A VM with the correct OS must be retrieved if preexisting, or created;
2.
The VM must be set up for access through SSH;
3.
The NGINX server with the website sources must be installed on the VM;
4.
The autoscaling group must be set up with the VM image;
5.
The network must be configured with the required security rules;
6.
The deployment process must be planned and executed.

To execute the above listed steps adopting the current technologies, we would need some Ansible playbooks or other scripts executing steps 2 and 3, together with a Terraform or TOSCA blueprint to orchestrate all other steps. Such scripts have their inherent complexities, and they are all written in different languages featuring different programming models. With the DOML approach, we aim to derive such scripts from a high-level model, and to reduce the need for the end users to work with the low-level target languages as much as possible.

4.2 Multiple Modeling Layers

Another objective we target is to support separate modeling of the application-level components from their execution environments (e.g., containers, VMs, etc.). In fact, we argue that different users, with different skills and roles, should focus on the specific aspects that fall within their expertise. Typically, the application designer will focus on the application structure definition in terms of software components and their connections, while an operations expert will oversee the allocation of software components within proper computing nodes.
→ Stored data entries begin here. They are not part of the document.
lemma sos_moment_prod_transfer:
  fixes N :: nat and k :: "nat \<Rightarrow> nat"
  assumes s: "s0 < N" "s1 < N" "s0 \<noteq> s1"
    and k: "1 \<le> k s1" "k s1 \<le> k s0" "k s0 + 1 \<le> t" and sum_k: "(\<Sum>s<N. k s) = t"
  shows "sos t (\<lambda>v. (\<Prod>s<N. moment_poly (2 * (k(s1 := k s1 - 1, s0 := k s0 + 1)) s) v)
                    - (\<Prod>s<N. moment_poly (2 * k s) v))"
proof -
  define k' where "k' = k(s1 := k s1 - 1, s0 := k s0 + 1)"
  define R where "R = {..<N} - {s0, s1}"
  define MR where "MR v = (\<Prod>s\<in>R. moment_poly (2 * k s) v)" for v
  have R: "finite R" "s0 \<notin> R" "s1 \<notin> R"
    by (auto simp: R_def)
  have sum_R: "k s0 + k s1 + (\<Sum>s\<in>R. k s) = t"
    using sum_k sum_remove_two[of "{..<N}" s0 s1 k] s by (simp add: R_def)
  have prod_k: "(\<Prod>s<N. moment_poly (2 * k s) v) = moment_poly (2 * k s0) v * moment_poly (2 * k s1) v * MR v"
    for v using prod_remove_two[of "{..<N}" s0 s1] s by (simp add: MR_def R_def)
  have "(\<Prod>s\<in>R. moment_poly (2 * k' s) v) = MR v" for v
    unfolding MR_def using R by (intro prod.cong) (auto simp: k'_def)
  moreover have "k' s0 = k s0 + 1" "k' s1 = k s1 - 1"
    using s by (simp_all add: k'_def)
  ultimately have prod_k': "(\<Prod>s<N. moment_poly (2 * k' s) v)
      = moment_poly (2 * (k s0 + 1)) v * moment_poly (2 * (k s1 - 1)) v * MR v" for v
    using prod_remove_two[of "{..<N}" s0 s1 "\<lambda>s. moment_poly (2 * k' s) v"] s by (simp add: R_def)
  have "\<forall>s\<in>R. k s \<le> t"
    using sum_R R(1) by (auto dest: member_le_sum[of _ R k])
  then have "sos (\<Sum>s\<in>R. k s) MR"
    unfolding MR_def using R(1) by (intro sos_prod) (auto intro: sos_even_moment)
  moreover have "sos (k s1 + k s0) (\<lambda>v. moment_poly (2 * (k s1 - 1)) v * moment_poly (2 * (k s0 + 1)) v
                                        - moment_poly (2 * k s1) v * moment_poly (2 * k s0) v)"
    using k by (intro sos_moment_pair_spread) auto
  ultimately have "sos ((\<Sum>s\<in>R. k s) + (k s1 + k s0)) (\<lambda>v. MR v *
      (moment_poly (2 * (k s1 - 1)) v * moment_poly (2 * (k s0 + 1)) v - moment_poly (2 * k s1) v * moment_poly (2 * k s0) v))"
    by (rule sos_mult)
  moreover have "(\<Sum>s\<in>R. k s) + (k s1 + k s0) = t"
    using sum_R by simp
  ultimately have "sos t (\<lambda>v. MR v *
      (moment_poly (2 * (k s1 - 1)) v * moment_poly (2 * (k s0 + 1)) v - moment_poly (2 * k s1) v * moment_poly (2 * k s0) v))"
    by simp
  then show ?thesis
    unfolding k'_def[symmetric] by (rule sos_cong) (unfold prod_k prod_k', simp add: algebra_simps)
qed

lemma sos_even_moment_prod_le_argmax:
  fixes N :: nat and k :: "nat \<Rightarrow> nat"
  assumes "s0 < N"
  shows "\<forall>s<N. k s \<le> k s0 \<Longrightarrow> k s0 \<le> t - 1 \<Longrightarrow> (\<Sum>s<N. k s) = t \<Longrightarrow>
    sos t (\<lambda>v. moment_poly 2 v * moment_poly (2 * t - 2) v - (\<Prod>s<N. moment_poly (2 * k s) v))"
proof (induction "t - 1 - k s0" arbitrary: k)
  case 0
  then have top: "k s0 = t - 1" by simp
  have "k s0 < (\<Sum>s<N. k s)"
    using 0 t_ge_2 by simp
  then obtain s1 where s1: "s1 < N" "s1 \<noteq> s0" "1 \<le> k s1"
    by (rule obtain_other_pos[OF assms])
  define R where "R = {..<N} - {s0, s1}"
  have "k s0 + k s1 + (\<Sum>s\<in>R. k s) = t"
    using 0 sum_remove_two[of "{..<N}" s0 s1 k] assms s1 by (simp add: R_def)
  then have "k s1 = 1" "(\<Sum>s\<in>R. k s) = 0"
    using top s1 t_ge_2 by linarith+
  then have "k s1 = 1" "\<forall>s\<in>R. k s = 0"
    by (simp_all add: R_def)
  then have "(\<Prod>s\<in>R. moment_poly (2 * k s) v) = 1" "2 * k s1 = 2" for v
    by (simp_all add: moment_poly_0)
  moreover have "2 * k s0 = 2 * t - 2"
    using top by simp
  ultimately have "(\<Prod>s<N. moment_poly (2 * k s) v) = moment_poly 2 v * moment_poly (2 * t - 2) v" for v
    using prod_remove_two[of "{..<N}" s0 s1 "\<lambda>s. moment_poly (2 * k s) v"] assms s1
    by (simp add: R_def)
  then show ?case
    by (intro sos_cong[OF sos_zero]) simp
next
  case (Suc d)
  have "k s0 < (\<Sum>s<N. k s)"
    using Suc by simp
  then obtain s1 where s1: "s1 < N" "s1 \<noteq> s0" "1 \<le> k s1"
    by (rule obtain_other_pos[OF assms])
  define k' where "k' = k(s1 := k s1 - 1, s0 := k s0 + 1)"
  have "(\<Sum>s<N. k' s) = t"
    using sum_transfer_unit[of "{..<N}" s0 s1 k] assms s1 Suc.prems by (simp add: k'_def)
  moreover have "\<forall>s<N. k' s \<le> k' s0" "k' s0 \<le> t - 1" "d = t - 1 - k' s0"
    using Suc s1 by (auto simp: k'_def)
  ultimately have "sos t (\<lambda>v. moment_poly 2 v * moment_poly (2 * t - 2) v - (\<Prod>s<N. moment_poly (2 * k' s) v))"
    using Suc.hyps(1) by blast
  moreover have "sos t (\<lambda>v. (\<Prod>s<N. moment_poly (2 * k' s) v) - (\<Prod>s<N. moment_poly (2 * k s) v))"
    unfolding k'_def using Suc s1 assms by (intro sos_moment_prod_transfer) auto
  ultimately have "sos t (\<lambda>v. (moment_poly 2 v * moment_poly (2 * t - 2) v - (\<Prod>s<N. moment_poly (2 * k' s) v))
      + ((\<Prod>s<N. moment_poly (2 * k' s) v) - (\<Prod>s<N. moment_poly (2 * k s) v)))"
    by (rule sos_add)
  then show ?case
    by (rule sos_cong) simp
qed

lemma sos_even_moment_prod_le:
  fixes N :: nat and k :: "nat \<Rightarrow> nat"
  assumes "(\<Sum>s<N. k s) = t" "\<forall>s<N. k s \<le> t - 1"
  shows "sos t (\<lambda>v. moment_poly 2 v * moment_poly (2 * t - 2) v - (\<Prod>s<N. moment_poly (2 * k s) v))"
proof -
  have "{..<N} \<noteq> {}"
    using assms(1) t_ge_2 by auto
  then have "Max (k ` {..<N}) \<in> k ` {..<N}"
    by (intro Max_in) auto
  then obtain s0 where "s0 < N" "k s0 = Max (k ` {..<N})"
    by auto
  moreover have "\<forall>s<N. k s \<le> Max (k ` {..<N})"
    by simp
  ultimately show ?thesis
    using assms by (intro sos_even_moment_prod_le_argmax) auto
qed

lemma sos_moment_prod_le:
  fixes N :: nat and i :: "nat \<Rightarrow> nat"
  assumes "(\<Sum>s<N. i s) = 2 * t" "\<forall>s<N. i s \<le> 2 * t - 2"
  shows "sos t (\<lambda>v. moment_poly 2 v * moment_poly (2 * t - 2) v - (\<Prod>s<N. moment_poly (i s) v))"
proof -
  obtain a b where split: "\<forall>s. a s + b s = i s" "(\<Sum>s<N. a s) = t" "(\<Sum>s<N. b s) = t"
    "\<forall>s<N. a s \<le> t - 1 \<and> b s \<le> t - 1"
    using balanced_split[where N=N and i=i and t=t and c="t - 1"] assms by (auto simp: right_diff_distrib')
  let ?top = "\<lambda>v. moment_poly 2 v * moment_poly (2 * t - 2) v"
  have "sos t (\<lambda>v. (1/2) * (?top v - (\<Prod>s<N. moment_poly (2 * a s) v))
           + (1/2) * (?top v - (\<Prod>s<N. moment_poly (2 * b s) v))
           + (1/2) * ((\<Prod>s<N. moment_poly (2 * a s) v) + 1^2 * (\<Prod>s<N. moment_poly (2 * b s) v)
                      - 2 * 1 * (\<Prod>s<N. moment_poly (a s + b s) v)))"
    using split by (intro sos_add sos_cmult sos_even_moment_prod_le sos_moment_prod_square) auto
  then show ?thesis
    by (rule sos_cong) (simp add: split(1) algebra_simps)
qed

end

theorem lemma4p6:
  fixes p :: "(real^'d) measure" and t :: nat and ids :: "nat list"
  assumes "t \<ge> 2"
    and "prob_space p" and "sets p = sets borel"
    and "integrable p (\<lambda>x. (norm x) ^ (2*t))"
    and "sum_list ids = 2*t"
    and "\<forall>i\<in>set ids. i \<le> 2*t - 2"
  shows "sos_le_2t t
           (tensor_poly (2*t) (tensor_prod_list (map (\<lambda>i. (i, moment_tensor p i)) ids)))
           (tensor_poly (2*t) (tensor_prod_list [(2, moment_tensor p 2), (2*t - 2, moment_tensor p (2*t - 2))]))"
proof -
  interpret central_moments p t
    using assms(1-4) unfolding central_moments_def by blast
  have top: "tensor_poly (2*t) (tensor_prod_list [(2, moment_tensor p 2), (2*t - 2, moment_tensor p (2*t - 2))]) v
      = moment_poly 2 v * moment_poly (2*t - 2) v" for v
    using tensor_poly_moment_prod_list[of "[2, 2*t - 2]" "2*t" v] assms(1) by simp
  have "sos t (\<lambda>v. moment_poly 2 v * moment_poly (2*t - 2) v - (\<Prod>k\<leftarrow>ids. moment_poly k v))"
    using sos_moment_prod_le[where N="length ids" and i="(!) ids"] assms(5,6)
    by (simp add: prod_list_map_eq_prod_nth sum.list_conv_set_nth atLeast0LessThan)
  then show ?thesis
    unfolding top[symmetric] tensor_poly_moment_prod_list[OF assms(5), symmetric] by (rule sos_le_2tI)
qed
(* Let $n\ge1$ and $\mathbf{P}_A,\mathbf{P}_B,\mathbf{Q}_A,\mathbf{Q}_B\in\mathbb{R}^{n\times n}$ be symmetric positive definite; $\mathbf{C}_A=\mathbf{P}_A+\mathbf{Q}_A$, $\mathbf{C}_B=\mathbf{P}_B+\mathbf{Q}_B$. Let $\mathbf{K}=(\mathbf{K}_A,\mathbf{K}_B)$ satisfy $\mathbf{K}_A+\mathbf{K}_B=\mathbf{I}$ and let $\mathbf{B}_F$ be a symmetric positive definite matrix such that $\mathbf{B}_F\succeq\mathbf{C}_F(\mathbf{K},\mathbf{P}_{AB})$ for all $\mathbf{P}_{AB}\in\mathcal{A}_{\mathrm{Split}}$. Then $\mathcal{V}^*\subseteq\mathcal{E}(\mathbf{B}_F)$.
   Context: $\mathcal{A}_{\mathrm{Split}}=\{\mathbf{M}\in\mathbb{R}^{n\times n} : \begin{bmatrix}\mathbf{P}_A & \mathbf{M}\\ \mathbf{M}^\intercal & \mathbf{P}_B\end{bmatrix}\succeq 0\}$. $\mathbf{C}_F(\mathbf{K},\mathbf{P}_{AB})=\mathbf{K}_A\mathbf{C}_A\mathbf{K}_A^\intercal+\mathbf{K}_A\mathbf{P}_{AB}\mathbf{K}_B^\intercal+\mathbf{K}_B\mathbf{P}_{AB}^\intercal\mathbf{K}_A^\intercal+\mathbf{K}_B\mathbf{C}_B\mathbf{K}_B^\intercal$. For $\mathbf{P}_{AB}\in\mathcal{A}_{\mathrm{Split}}$ let $\mathbf{R}=\mathbf{C}_A+\mathbf{C}_B-\mathbf{P}_{AB}-\mathbf{P}_{AB}^\intercal$, $\mathbf{K}_A^*=(\mathbf{C}_B-\mathbf{P}_{AB}^\intercal)\mathbf{R}^{-1}$, $\mathbf{K}^*=(\mathbf{K}_A^*,\mathbf{I}-\mathbf{K}_A^* )$ and $\mathbf{C}_F^*(\mathbf{P}_{AB})=\mathbf{C}_F(\mathbf{K}^*,\mathbf{P}_{AB})$. For a symmetric positive definite $\mathbf{P}$, $\mathcal{E}(\mathbf{P})=\{\mathbf{x}\in\mathbb{R}^n:\mathbf{x}^\intercal\mathbf{P}^{-1}\mathbf{x}\le1\}$. Define $\mathcal{V}^*=\bigcup_{\mathbf{P}_{AB}\in\mathcal{A}_{\mathrm{Split}}}\mathcal{E}(\mathbf{C}_F^*(\mathbf{P}_{AB}))$. *)

theory Defs
  imports "HOL-Analysis.Analysis"
begin

definition psd :: "real^'n^'n \<Rightarrow> bool" where
  "psd M \<longleftrightarrow> transpose M = M \<and> (\<forall>x. 0 \<le> x \<bullet> (M *v x))"

definition spd :: "real^'n^'n \<Rightarrow> bool" where
  "spd M \<longleftrightarrow> transpose M = M \<and> (\<forall>x. x \<noteq> 0 \<longrightarrow> 0 < x \<bullet> (M *v x))"

definition loewner_ge :: "real^'n^'n \<Rightarrow> real^'n^'n \<Rightarrow> bool" where
  "loewner_ge A B \<longleftrightarrow> psd (A - B)"

text \<open>The 2n x 2n block matrix [[A, M], [M^T, B]], indexed by 'n + 'n.\<close>
definition block2 :: "real^'n^'n \<Rightarrow> real^'n^'n \<Rightarrow> real^'n^'n \<Rightarrow> real^('n + 'n)^('n + 'n)" where
  "block2 A M B = (\<chi> i j. case i of
        Inl a \<Rightarrow> (case j of Inl b \<Rightarrow> A $ a $ b | Inr b \<Rightarrow> M $ a $ b)
      | Inr a \<Rightarrow> (case j of Inl b \<Rightarrow> M $ b $ a | Inr b \<Rightarrow> B $ a $ b))"

definition A_Split :: "real^'n^'n \<Rightarrow> real^'n^'n \<Rightarrow> (real^'n^'n) set" where
  "A_Split PA PB = {M. psd (block2 PA M PB)}"

definition C_F :: "real^'n^'n \<Rightarrow> real^'n^'n \<Rightarrow> real^'n^'n \<Rightarrow> real^'n^'n \<Rightarrow> real^'n^'n \<Rightarrow> real^'n^'n" where
  "C_F CA CB KA KB PAB =
     KA ** CA ** transpose KA + KA ** PAB ** transpose KB
     + KB ** transpose PAB ** transpose KA + KB ** CB ** transpose KB"

definition C_F_star :: "real^'n^'n \<Rightarrow> real^'n^'n \<Rightarrow> real^'n^'n \<Rightarrow> real^'n^'n" where
  "C_F_star CA CB PAB =
     (let R = CA + CB - PAB - transpose PAB;
          KA = (CB - transpose PAB) ** matrix_inv R
      in C_F CA CB KA (mat 1 - KA) PAB)"

definition ellipsoid :: "real^'n^'n \<Rightarrow> (real^'n) set" where
  "ellipsoid P = {x. x \<bullet> (matrix_inv P *v x) \<le> 1}"

definition V_star :: "real^'n^'n \<Rightarrow> real^'n^'n \<Rightarrow> real^'n^'n \<Rightarrow> real^'n^'n \<Rightarrow> (real^'n) set" where
  "V_star PA PB CA CB = (\<Union>PAB \<in> A_Split PA PB. ellipsoid (C_F_star CA CB PAB))"

end

(* Completing the square in the gain: whenever K_A + K_B = I,
     C_F(K, P_AB) = C_F^*(P_AB) + D R D^T   with D = K_A - K_A^*,
   and R is positive definite for P_AB in A_Split, being the quadratic form of the positive
   semidefinite block matrix [[P_A, P_AB], [P_AB^T, P_B]] at (v, -v) plus Q_A + Q_B.
   Hence C_F^*(P_AB) <= C_F(K, P_AB) <= B_F in the Loewner order, and since inversion reverses
   the Loewner order on positive definite matrices, E(C_F^*(P_AB)) is contained in E(B_F). *)

theory Submission
  imports Defs
begin

lemma transpose_add: "transpose (A + B) = transpose A + transpose (B :: 'a::semiring_1^'n^'m)"
  by (simp add: transpose_def vec_eq_iff)

lemma transpose_diff: "transpose (A - B) = transpose A - transpose (B :: 'a::ring_1^'n^'m)"
  by (simp add: transpose_def vec_eq_iff)

lemma matrix_add_rdistrib: "(A + B) ** C = A ** C + B ** (C :: 'a::semiring_1^'p^'n)"
  by (vector matrix_matrix_mult_def sum.distrib[symmetric] field_simps)

lemma matrix_diff_ldistrib: "A ** (B - C) = A ** B - A ** (C :: 'a::ring_1^'p^'n)"
  by (vector matrix_matrix_mult_def sum_subtractf[symmetric] field_simps)

lemma matrix_diff_rdistrib: "(A - B) ** C = A ** C - B ** (C :: 'a::ring_1^'p^'n)"
  by (vector matrix_matrix_mult_def sum_subtractf[symmetric] field_simps)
Furthermore, multiple providers and technologies offering the same IaaS (Infrastructure-as-a-Service) and in some cases, compatible PaaS (Platform-as-a-Service) solutions are available. Thus, we want to offer the possibility to provide an abstract definition of the infrastructure to be used to run an application, and then to define different concretisations, so as to support deployment and execution of applications into multiple contexts.

Referring to the example of Fig. 1, Fig. 2 shows a distribution of components into three layers: one describes the application, and the remaining two layers describe the infrastructure at different levels. In particular, the same abstract infrastructure can be implemented by two different concrete infrastructures, respectively based on OpenStack and AWS.

5 DOML Language

The DOML language implementation consists of two parts: the DOML metamodel, described using Ecore from the Eclipse Modeling Framework (EMF) [13], and the textual syntax used to create models, based on Xtext [14].

We organize all modeled entities in the following layers, which aggregate the modeling abstractions in coherent groups:

Application Layer (AL): concepts required to define an application, e.g., software components, interfaces, connectors between components, services, and specific subcategories thereof.
Abstract Infrastructure Layer (AIL): concepts associated to the definition of the infrastructure (e.g., computing nodes) without referencing a specific provider.
Concrete Infrastructure Layer (CIL): concepts associated to the definition of infrastructure elements within a specific provider, e.g., a Docker container or an Amazon VM.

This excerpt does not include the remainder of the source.